3. To complete the square, take half of the coefficient of x (-3) and square it: (-3/2)^2 = 9/4.
4. Add and subtract this value inside the parentheses: y = (x^2 - 3x + 9/4 - 9/4) - 12.
5. Rearrange the terms: y = (x^2 - 3x + 9/4) - 9/4 - 48/4.
6. Simplify: y = (x - 3/2)^2 - 57/4.
Now, we have expressed y = x^2 - 3x - 12 in the form y = (x - h)^2 + k, where h = 3/2 and k = -57/4.
To determine the minimum value of the function y = x^2 - 3x - 12, we can observe that the minimum value occurs when x is equal to the x-coordinate of the vertex of the parabola. The x-coordinate of the vertex can be found using the formula x = -b/2a, where a, b, and c are the coefficients of the quadratic equation in the form ax^2 + bx + c.

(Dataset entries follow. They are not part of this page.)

(* Let $X$ be a topological space, $\mathbb{F}$ a field, $k\ge 0$, and let $\mathcal{X}_G$ be a graph filtration of $X$ over a directed acyclic graph $G$. Then: (1) (Standard persistence) If $G$ is the path graph corresponding to a filtration $X_0 \to X_1 \to \cdots \to X_n$ and $I_{i,p}$ is the subgraph with vertices $X_i,\ldots,X_{i+p}$ (and the edges between consecutive ones), then $H_k^{I_{i,p}}(\mathcal{X}_G) \cong H_k^p(X_i)$, where $H_k^p(X_i)$ is the image of the map $H_k(X_i)\to H_k(X_{i+p})$ induced by inclusion. Furthermore, $\mathcal{PH}_k(\mathcal{X}_G)$ coincides with the (standard) persistence module of the filtration. (2) (Zigzag persistence) If $G$ is the graph of a zigzag diagram $\mathbb{X} = X_0 \leftrightarrow X_1 \leftrightarrow \cdots \leftrightarrow X_n$, where each arrow may point in either direction, then the zigzag module $H_k(\mathbb{X})$ (the diagram $H_k(X_0)\leftrightarrow \cdots \leftrightarrow H_k(X_n)$ of induced maps) is isomorphic to $\mathcal{PH}_k(\mathcal{X}_G)$. (3) (Multidimensional persistence) If $\mathcal{X} = \{X_v\}_{v\in\{0,\ldots,m\}^d}$ is a multifiltration with underlying graph $G$, and for $u\le v$ we let $G_{u,v}$ be the subgraph of $G$ on the vertices $\{w \in G : u \le w \le v\}$, then the rank invariant satisfies $\rho_{X,k}(u,v) = \dim H_k^{G_{u,v}}(\mathcal{X}_G)$.
   Context: All homology is taken with coefficients in the field $\mathbb{F}$, so homology groups are vector spaces; they are assumed finitely generated. For a directed acyclic graph $G=(V,E)$, a graph filtration $\mathcal{X}_G$ of a space $X$ is a pair $(\{X_v\}_{v\in V},\{f_e\}_{e\in E})$ with $X_v\subset X$ and, for each edge $e=(v_1,v_2)$, $f_e:X_{v_1}\to X_{v_2}$ a continuous embedding (inclusion). For a connected subgraph $G'\subset G$, the $G'$-persistent homology group $H_k^{G'}(\mathcal{X}_G)$ is a vector space $\mathcal{P}$ of largest dimension equipped with injective linear maps $i_v:\mathcal{P}\to H_k(X_v)$ for all vertices $v$ of $G'$ such that $(f_e)_*\circ i_u = i_v$ for every edge $e=(u,v)$ of $G'$ (well defined up to isomorphism). A commutative $G$-module is a family of vector spaces $W_v$ ($v\in V$) and linear maps $W_u\to W_w$ for edges $(u,w)$ forming a commutative diagram; the persistence module $\mathcal{PH}_k(\mathcal{X}_G)$ is the commutative $G$-module $(\{H_k(X_v)\},\{(f_e)_*\})$. A multifiltration indexed by $\{0,\ldots,m\}^d$ is a family of spaces $X_v$ with inclusions $X_u\subset X_v$ whenever $u\le v$ in the componentwise partial order; its underlying graph has an edge from $u$ to each $u+e_i$ (for standard basis vectors $e_i$) in the grid. The rank invariant $\rho_{X,k}(u,v)$, for $u\le v$, is the dimension of the image of the map $H_k(X_u)\to H_k(X_v)$ induced by inclusion. *)

theory Defs
  imports "HOL-Homology.Homology"
begin

text \<open>HOL-Homology only provides integer coefficients, so singular chains with
coefficients in a field 'k are introduced here, reusing the library notions of
singular simplex and singular face.\<close>

type_synonym ('a, 'k) fchain = "((nat \<Rightarrow> real) \<Rightarrow> 'a) \<Rightarrow>\<^sub>0 'k"

definition fscale :: "'k::field \<Rightarrow> ('a, 'k) fchain \<Rightarrow> ('a, 'k) fchain" where
  "fscale a c = Poly_Mapping.map (\<lambda>x. a * x) c"

definition fchain_on :: "nat \<Rightarrow> 'a topology \<Rightarrow> ('a, 'k::field) fchain \<Rightarrow> bool" where
  "fchain_on p T c \<longleftrightarrow> (\<forall>f \<in> Poly_Mapping.keys c. singular_simplex p T f)"

definition fboundary :: "nat \<Rightarrow> ('a, 'k::field) fchain \<Rightarrow> ('a, 'k) fchain" where
  "fboundary p c =
     (if p = 0 then 0 else
      (\<Sum>f \<in> Poly_Mapping.keys c. \<Sum>j\<le>p.
          Poly_Mapping.single (singular_face p j f) ((-1) ^ j * Poly_Mapping.lookup c f)))"

definition fcycles :: "nat \<Rightarrow> 'a topology \<Rightarrow> ('a, 'k::field) fchain set" where
  "fcycles p T = {c. fchain_on p T c \<and> fboundary p c = 0}"

definition fboundaries :: "nat \<Rightarrow> 'a topology \<Rightarrow> ('a, 'k::field) fchain set" where
  "fboundaries p T = {fboundary (Suc p) d | d. fchain_on (Suc p) T d}"

definition hclass :: "nat \<Rightarrow> 'a topology \<Rightarrow> ('a, 'k::field) fchain \<Rightarrow> ('a, 'k) fchain set" where
  "hclass p T z = {z + b | b. b \<in> fboundaries p T}"

definition hgroup :: "nat \<Rightarrow> 'a topology \<Rightarrow> 'a set \<Rightarrow> ('a, 'k::field) fchain set set" where
  "hgroup p X S = {hclass p (subtopology X S) z | z. z \<in> fcycles p (subtopology X S)}"

definition hinduced :: "nat \<Rightarrow> 'a topology \<Rightarrow> 'a set \<Rightarrow> 'a set
     \<Rightarrow> ('a, 'k::field) fchain set \<Rightarrow> ('a, 'k) fchain set" where
  "hinduced p X S S' C = hclass p (subtopology X S') (SOME z. z \<in> C)"

definition fg_homology :: "nat \<Rightarrow> 'a topology \<Rightarrow> 'a set \<Rightarrow> 'k::field itself \<Rightarrow> bool" where
  "fg_homology p X S _ \<longleftrightarrow>
     (\<exists>F :: ('a,'k) fchain set. finite F \<and> F \<subseteq> fcycles p (subtopology X S) \<and>
        fcycles p (subtopology X S) \<subseteq> module.span fscale (F \<union> fboundaries p (subtopology X S)))"

text \<open>Dimension of the image of H_p(S) \<rightarrow> H_p(S') (S \<subseteq> S'), i.e. of the subspace
(Z_p(S) + B_p(S'))/B_p(S') of H_p(S'): the least number of cycles of S spanning
Z_p(S) modulo B_p(S').\<close>
definition hrank :: "nat \<Rightarrow> 'a topology \<Rightarrow> 'a set \<Rightarrow> 'a set \<Rightarrow> 'k::field itself \<Rightarrow> nat" where
  "hrank p X S S' _ =
     (LEAST n. \<exists>F :: ('a,'k) fchain set. finite F \<and> card F = n \<and> F \<subseteq> fcycles p (subtopology X S) \<and>
        fcycles p (subtopology X S) \<subseteq> module.span fscale (F \<union> fboundaries p (subtopology X S')))"

definition graph_filtration :: "'a topology \<Rightarrow> 'v set \<Rightarrow> ('v \<times> 'v) set \<Rightarrow> ('v \<Rightarrow> 'a set) \<Rightarrow> bool" where
  "graph_filtration X V E Xs \<longleftrightarrow>
     (\<forall>v\<in>V. Xs v \<subseteq> topspace X) \<and> (\<forall>(u,w)\<in>E. u \<in> V \<and> w \<in> V \<and> Xs u \<subseteq> Xs w)"

text \<open>A linear map i from the vector space P (a subspace of the chain space, scalar
multiplication fscale) into H_p(S), given by choosing a representing cycle i x
of the class of each x: linearity and injectivity hold modulo boundaries.\<close>
definition hlinear_inj :: "nat \<Rightarrow> 'a topology \<Rightarrow> 'a set \<Rightarrow> ('a, 'k::field) fchain set
     \<Rightarrow> (('a, 'k) fchain \<Rightarrow> ('a, 'k) fchain) \<Rightarrow> bool" where
  "hlinear_inj p X S P i \<longleftrightarrow>
     (let B = fboundaries p (subtopology X S) in
       (\<forall>x\<in>P. i x \<in> fcycles p (subtopology X S)) \<and>
       (\<forall>x\<in>P. \<forall>y\<in>P. i (x + y) - (i x + i y) \<in> B) \<and>
       (\<forall>a. \<forall>x\<in>P. i (fscale a x) - fscale a (i x) \<in> B) \<and>
       (\<forall>x\<in>P. \<forall>y\<in>P. i x - i y \<in> B \<longrightarrow> x = y))"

In our case, the quadratic equation is y = x^2 - 3x - 12, so the coefficients are a = 1, b = -3, and c = -12.
Using the formula x = -b/2a, we can find the x-coordinate of the vertex:
x = -(-3)/(2*1) = 3/2
Now, substitute this value of x back into the equation to find the corresponding y-coordinate:
y = (3/2 - 3/2)^2 - 57/4
y = 0 - 57/4
y = -57/4
So, the minimum value of the function y = x^2 - 3x - 12 is -57/4.